* [Task objective]
The entries that follow include a run beginning at the line with "S \<Longrightarrow> \<bar>R\<bar>" and ending at the line with "unfolding hill_deriv_def by"; restate that run word for word and leave the rest out.

══ Dataset excerpts

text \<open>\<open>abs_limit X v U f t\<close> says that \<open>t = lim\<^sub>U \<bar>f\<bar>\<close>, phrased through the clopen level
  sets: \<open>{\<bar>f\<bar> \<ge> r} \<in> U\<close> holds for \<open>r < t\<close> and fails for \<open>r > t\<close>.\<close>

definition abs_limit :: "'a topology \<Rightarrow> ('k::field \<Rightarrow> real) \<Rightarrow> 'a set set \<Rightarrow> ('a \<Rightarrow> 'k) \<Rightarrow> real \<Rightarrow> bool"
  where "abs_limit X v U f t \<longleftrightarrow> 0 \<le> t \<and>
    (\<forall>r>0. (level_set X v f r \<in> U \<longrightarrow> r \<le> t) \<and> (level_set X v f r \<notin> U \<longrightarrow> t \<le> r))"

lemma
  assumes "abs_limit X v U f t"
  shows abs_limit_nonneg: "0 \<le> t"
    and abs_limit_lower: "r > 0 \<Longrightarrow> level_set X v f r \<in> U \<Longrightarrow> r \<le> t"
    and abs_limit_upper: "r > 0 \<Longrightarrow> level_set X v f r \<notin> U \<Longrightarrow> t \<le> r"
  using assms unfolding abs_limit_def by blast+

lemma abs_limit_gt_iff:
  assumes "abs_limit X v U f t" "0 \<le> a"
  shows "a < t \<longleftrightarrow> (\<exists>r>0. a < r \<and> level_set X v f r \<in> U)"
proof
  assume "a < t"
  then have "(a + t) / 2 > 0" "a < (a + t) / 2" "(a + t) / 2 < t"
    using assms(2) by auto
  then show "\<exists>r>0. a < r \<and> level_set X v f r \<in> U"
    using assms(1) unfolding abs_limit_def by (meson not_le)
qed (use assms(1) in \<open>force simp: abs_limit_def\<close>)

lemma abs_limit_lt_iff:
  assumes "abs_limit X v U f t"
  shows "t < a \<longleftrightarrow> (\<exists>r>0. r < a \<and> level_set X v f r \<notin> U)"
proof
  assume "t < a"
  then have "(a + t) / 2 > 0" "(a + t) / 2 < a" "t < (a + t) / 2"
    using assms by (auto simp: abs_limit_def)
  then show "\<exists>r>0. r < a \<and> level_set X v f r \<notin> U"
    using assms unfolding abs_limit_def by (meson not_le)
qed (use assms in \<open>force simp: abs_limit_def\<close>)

════
══ Dataset excerpts

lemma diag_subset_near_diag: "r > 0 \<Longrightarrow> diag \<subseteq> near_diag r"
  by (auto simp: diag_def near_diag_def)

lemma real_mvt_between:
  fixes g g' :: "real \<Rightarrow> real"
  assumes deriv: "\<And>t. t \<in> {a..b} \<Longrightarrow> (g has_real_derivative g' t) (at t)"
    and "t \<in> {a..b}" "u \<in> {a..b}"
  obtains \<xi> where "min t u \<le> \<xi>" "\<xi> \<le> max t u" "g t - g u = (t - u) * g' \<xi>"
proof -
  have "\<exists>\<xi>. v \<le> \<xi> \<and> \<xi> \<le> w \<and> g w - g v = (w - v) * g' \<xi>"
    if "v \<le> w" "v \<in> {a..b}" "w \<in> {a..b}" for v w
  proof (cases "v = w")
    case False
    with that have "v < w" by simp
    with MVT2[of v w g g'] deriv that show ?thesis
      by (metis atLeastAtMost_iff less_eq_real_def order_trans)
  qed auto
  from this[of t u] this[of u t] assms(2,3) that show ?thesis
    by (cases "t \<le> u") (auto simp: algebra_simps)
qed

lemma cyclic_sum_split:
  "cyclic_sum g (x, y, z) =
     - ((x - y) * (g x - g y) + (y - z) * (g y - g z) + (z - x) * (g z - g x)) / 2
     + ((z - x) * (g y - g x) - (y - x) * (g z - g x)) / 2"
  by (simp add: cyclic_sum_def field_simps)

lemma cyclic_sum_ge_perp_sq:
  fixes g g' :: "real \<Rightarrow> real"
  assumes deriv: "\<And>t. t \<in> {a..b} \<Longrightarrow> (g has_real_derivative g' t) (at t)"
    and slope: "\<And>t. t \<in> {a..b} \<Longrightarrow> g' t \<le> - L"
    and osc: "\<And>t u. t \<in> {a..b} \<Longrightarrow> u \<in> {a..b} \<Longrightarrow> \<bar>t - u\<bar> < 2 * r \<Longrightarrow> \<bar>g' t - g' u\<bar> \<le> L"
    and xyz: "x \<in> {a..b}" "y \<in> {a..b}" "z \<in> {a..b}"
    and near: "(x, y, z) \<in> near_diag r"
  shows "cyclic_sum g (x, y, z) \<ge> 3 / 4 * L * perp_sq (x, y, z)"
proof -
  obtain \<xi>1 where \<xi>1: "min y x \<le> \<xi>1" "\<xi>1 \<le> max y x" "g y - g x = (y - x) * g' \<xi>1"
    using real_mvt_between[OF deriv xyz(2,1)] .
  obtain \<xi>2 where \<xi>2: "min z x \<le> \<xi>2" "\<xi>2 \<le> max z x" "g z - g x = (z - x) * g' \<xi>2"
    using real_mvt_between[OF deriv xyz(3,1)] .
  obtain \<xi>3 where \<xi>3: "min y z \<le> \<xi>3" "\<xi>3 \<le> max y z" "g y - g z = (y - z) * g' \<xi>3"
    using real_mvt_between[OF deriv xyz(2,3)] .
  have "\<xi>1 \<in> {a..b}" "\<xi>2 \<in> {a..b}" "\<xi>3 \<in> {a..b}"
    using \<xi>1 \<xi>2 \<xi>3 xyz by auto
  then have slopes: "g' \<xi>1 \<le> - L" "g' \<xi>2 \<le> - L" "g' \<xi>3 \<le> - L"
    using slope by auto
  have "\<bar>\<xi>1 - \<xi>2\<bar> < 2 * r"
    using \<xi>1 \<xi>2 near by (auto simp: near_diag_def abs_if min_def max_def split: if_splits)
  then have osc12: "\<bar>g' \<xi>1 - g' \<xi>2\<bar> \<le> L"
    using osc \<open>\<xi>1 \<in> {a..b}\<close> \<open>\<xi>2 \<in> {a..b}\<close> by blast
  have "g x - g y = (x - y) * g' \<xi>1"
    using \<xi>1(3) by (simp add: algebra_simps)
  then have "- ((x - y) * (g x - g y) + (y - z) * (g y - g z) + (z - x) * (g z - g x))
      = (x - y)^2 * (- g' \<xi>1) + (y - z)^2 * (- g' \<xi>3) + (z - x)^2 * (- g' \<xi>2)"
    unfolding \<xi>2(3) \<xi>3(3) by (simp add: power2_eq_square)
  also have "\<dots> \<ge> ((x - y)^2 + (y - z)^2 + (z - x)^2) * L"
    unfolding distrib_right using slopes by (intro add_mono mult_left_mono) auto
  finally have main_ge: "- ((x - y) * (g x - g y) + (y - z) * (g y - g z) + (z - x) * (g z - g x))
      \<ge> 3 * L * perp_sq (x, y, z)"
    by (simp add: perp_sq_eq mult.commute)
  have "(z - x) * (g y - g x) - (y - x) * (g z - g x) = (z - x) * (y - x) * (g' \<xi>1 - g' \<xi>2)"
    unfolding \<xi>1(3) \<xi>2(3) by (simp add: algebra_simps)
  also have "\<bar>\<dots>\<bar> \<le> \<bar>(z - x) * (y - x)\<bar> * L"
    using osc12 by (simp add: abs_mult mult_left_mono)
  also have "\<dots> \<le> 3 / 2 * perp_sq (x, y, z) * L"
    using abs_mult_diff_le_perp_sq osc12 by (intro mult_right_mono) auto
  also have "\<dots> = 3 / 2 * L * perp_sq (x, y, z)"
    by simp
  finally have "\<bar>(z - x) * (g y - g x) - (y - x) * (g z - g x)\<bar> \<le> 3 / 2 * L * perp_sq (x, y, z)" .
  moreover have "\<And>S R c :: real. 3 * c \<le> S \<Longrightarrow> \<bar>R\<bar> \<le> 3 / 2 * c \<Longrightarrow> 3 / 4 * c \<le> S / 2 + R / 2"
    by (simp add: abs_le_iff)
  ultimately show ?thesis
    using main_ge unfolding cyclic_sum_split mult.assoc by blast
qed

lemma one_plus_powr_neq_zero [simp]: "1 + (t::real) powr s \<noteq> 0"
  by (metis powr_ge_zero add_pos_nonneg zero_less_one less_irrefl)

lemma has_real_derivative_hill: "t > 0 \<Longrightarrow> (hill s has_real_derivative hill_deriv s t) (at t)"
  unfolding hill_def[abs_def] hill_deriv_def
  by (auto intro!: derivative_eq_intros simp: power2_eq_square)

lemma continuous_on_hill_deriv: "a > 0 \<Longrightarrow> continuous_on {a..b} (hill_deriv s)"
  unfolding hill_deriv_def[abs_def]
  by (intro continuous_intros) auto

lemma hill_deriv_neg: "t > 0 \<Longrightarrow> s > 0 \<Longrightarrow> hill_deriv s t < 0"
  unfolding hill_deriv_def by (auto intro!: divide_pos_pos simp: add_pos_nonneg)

════
══ Dataset excerpts

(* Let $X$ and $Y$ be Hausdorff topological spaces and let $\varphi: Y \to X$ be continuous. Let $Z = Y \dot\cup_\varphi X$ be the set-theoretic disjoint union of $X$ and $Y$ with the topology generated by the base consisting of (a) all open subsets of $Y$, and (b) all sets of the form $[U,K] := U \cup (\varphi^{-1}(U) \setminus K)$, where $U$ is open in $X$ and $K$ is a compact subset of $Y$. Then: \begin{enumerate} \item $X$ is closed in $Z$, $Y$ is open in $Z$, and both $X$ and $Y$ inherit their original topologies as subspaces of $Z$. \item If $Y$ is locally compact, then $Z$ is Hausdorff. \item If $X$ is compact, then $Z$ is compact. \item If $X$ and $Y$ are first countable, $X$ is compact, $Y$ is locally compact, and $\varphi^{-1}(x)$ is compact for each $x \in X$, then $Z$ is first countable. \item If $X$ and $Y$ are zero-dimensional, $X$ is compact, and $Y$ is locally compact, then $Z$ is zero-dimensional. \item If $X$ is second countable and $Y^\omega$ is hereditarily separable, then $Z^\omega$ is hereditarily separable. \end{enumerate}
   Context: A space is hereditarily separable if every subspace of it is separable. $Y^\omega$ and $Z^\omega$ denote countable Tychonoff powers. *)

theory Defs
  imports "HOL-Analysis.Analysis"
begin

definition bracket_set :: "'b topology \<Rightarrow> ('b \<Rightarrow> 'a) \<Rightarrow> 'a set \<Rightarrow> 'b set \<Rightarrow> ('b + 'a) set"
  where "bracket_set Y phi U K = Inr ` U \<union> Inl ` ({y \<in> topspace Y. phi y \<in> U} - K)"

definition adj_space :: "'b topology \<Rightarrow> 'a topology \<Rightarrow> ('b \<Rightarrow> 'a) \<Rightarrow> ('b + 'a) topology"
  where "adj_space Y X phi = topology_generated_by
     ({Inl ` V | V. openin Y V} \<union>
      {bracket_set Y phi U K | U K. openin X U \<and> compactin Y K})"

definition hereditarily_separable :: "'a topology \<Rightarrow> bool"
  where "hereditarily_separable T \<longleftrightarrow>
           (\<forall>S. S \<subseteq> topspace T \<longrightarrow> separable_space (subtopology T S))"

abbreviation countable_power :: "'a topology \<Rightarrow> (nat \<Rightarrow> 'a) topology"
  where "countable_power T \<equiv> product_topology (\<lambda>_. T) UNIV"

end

════

* [Exercise solution]
  moreover have "\<And>S R c :: real. 3 * c \<le> S \<Longrightarrow> \<bar>R\<bar> \<le> 3 / 2 * c \<Longrightarrow> 3 / 4 * c \<le> S / 2 + R / 2"
    by (simp add: abs_le_iff)
  ultimately show ?thesis
    using main_ge unfolding cyclic_sum_split mult.assoc by blast
qed

lemma one_plus_powr_neq_zero [simp]: "1 + (t::real) powr s \<noteq> 0"
  by (metis powr_ge_zero add_pos_nonneg zero_less_one less_irrefl)

lemma has_real_derivative_hill: "t > 0 \<Longrightarrow> (hill s has_real_derivative hill_deriv s t) (at t)"
  unfolding hill_def[abs_def] hill_deriv_def
  by (auto intro!: derivative_eq_intros simp: power2_eq_square)

lemma continuous_on_hill_deriv: "a > 0 \<Longrightarrow> continuous_on {a..b} (hill_deriv s)"
  unfolding hill_deriv_def[abs_def]
  by (intro continuous_intros) auto

lemma hill_deriv_neg: "t > 0 \<Longrightarrow> s > 0 \<Longrightarrow> hill_deriv s t < 0"
  unfolding hill_deriv_def by (auto intro!: divide_pos_pos simp: add_pos_nonneg)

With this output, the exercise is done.